§ TRY IT
Starting with the line containing "using smooth_borel_measurable[OF eta(1), of" and going on through the line containing "by simp_all", return the lines of the data below exactly, and only those.

§ AVAILABLE DATA
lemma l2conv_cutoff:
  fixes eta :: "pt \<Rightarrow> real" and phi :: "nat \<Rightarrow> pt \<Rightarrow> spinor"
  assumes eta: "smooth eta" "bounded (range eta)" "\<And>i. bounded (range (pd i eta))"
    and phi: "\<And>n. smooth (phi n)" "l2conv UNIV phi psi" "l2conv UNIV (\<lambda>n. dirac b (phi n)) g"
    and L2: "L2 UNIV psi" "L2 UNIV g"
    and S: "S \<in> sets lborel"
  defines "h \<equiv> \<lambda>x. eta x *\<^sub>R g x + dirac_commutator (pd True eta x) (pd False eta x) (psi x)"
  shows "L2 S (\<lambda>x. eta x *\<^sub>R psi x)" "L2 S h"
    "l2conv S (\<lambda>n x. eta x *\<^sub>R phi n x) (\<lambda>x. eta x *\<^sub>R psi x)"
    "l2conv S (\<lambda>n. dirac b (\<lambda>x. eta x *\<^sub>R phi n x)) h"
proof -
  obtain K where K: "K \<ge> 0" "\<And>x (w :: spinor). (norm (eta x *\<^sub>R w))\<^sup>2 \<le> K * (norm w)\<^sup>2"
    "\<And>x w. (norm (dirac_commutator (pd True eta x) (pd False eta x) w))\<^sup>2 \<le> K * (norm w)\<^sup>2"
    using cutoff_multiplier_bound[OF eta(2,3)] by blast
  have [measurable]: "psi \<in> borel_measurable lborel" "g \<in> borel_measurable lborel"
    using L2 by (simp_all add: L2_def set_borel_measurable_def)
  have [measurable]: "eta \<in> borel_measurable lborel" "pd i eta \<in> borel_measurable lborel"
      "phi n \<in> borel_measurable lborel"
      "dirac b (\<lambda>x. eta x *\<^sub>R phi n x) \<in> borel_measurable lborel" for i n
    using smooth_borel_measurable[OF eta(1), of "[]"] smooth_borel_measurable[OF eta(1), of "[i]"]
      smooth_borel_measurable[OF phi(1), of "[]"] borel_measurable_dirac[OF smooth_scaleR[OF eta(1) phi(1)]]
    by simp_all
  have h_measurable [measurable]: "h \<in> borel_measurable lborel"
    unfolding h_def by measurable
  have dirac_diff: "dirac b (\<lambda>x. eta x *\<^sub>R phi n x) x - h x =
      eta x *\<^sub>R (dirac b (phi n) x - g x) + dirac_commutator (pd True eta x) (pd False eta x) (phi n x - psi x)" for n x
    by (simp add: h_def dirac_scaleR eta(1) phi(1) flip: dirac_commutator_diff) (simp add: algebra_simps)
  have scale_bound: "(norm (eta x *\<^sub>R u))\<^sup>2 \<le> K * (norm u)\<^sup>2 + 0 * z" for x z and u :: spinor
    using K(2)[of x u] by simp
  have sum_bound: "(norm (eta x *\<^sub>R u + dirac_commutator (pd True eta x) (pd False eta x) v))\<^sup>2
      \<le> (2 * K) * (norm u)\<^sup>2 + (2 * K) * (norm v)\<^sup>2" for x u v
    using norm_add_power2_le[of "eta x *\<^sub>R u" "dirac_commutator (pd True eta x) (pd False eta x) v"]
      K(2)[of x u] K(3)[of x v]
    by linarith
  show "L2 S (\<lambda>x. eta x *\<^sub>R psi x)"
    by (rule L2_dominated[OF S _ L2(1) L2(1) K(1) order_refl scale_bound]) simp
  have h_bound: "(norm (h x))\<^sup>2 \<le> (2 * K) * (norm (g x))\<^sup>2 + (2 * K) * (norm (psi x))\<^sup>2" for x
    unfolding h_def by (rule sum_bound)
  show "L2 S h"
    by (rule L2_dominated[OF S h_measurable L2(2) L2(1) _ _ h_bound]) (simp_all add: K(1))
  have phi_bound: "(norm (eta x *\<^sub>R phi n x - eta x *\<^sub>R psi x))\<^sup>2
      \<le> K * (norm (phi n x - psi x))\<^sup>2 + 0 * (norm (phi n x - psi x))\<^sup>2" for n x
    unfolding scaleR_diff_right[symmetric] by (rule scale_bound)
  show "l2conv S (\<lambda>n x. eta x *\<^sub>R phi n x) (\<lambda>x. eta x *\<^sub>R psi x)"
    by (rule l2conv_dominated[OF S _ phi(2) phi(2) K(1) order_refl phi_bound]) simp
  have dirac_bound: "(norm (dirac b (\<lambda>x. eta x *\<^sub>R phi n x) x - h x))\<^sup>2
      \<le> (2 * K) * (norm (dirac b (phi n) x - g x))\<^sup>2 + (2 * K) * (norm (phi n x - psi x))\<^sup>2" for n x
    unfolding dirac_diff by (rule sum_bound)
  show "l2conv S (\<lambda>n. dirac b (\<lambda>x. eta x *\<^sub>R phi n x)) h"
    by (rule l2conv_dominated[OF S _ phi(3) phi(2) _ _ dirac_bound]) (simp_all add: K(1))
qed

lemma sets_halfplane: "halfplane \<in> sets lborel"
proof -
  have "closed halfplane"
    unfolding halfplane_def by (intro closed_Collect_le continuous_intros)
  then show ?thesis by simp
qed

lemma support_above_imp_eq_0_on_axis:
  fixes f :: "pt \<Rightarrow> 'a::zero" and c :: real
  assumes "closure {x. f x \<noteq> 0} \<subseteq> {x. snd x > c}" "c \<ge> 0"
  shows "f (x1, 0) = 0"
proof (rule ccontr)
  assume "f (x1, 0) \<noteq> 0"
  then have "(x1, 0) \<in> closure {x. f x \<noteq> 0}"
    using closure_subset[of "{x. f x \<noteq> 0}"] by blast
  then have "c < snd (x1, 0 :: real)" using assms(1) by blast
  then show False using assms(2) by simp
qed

§ RESPONSE BELOW
    using smooth_borel_measurable[OF eta(1), of "[]"] smooth_borel_measurable[OF eta(1), of "[i]"]
      smooth_borel_measurable[OF phi(1), of "[]"] borel_measurable_dirac[OF smooth_scaleR[OF eta(1) phi(1)]]
    by simp_all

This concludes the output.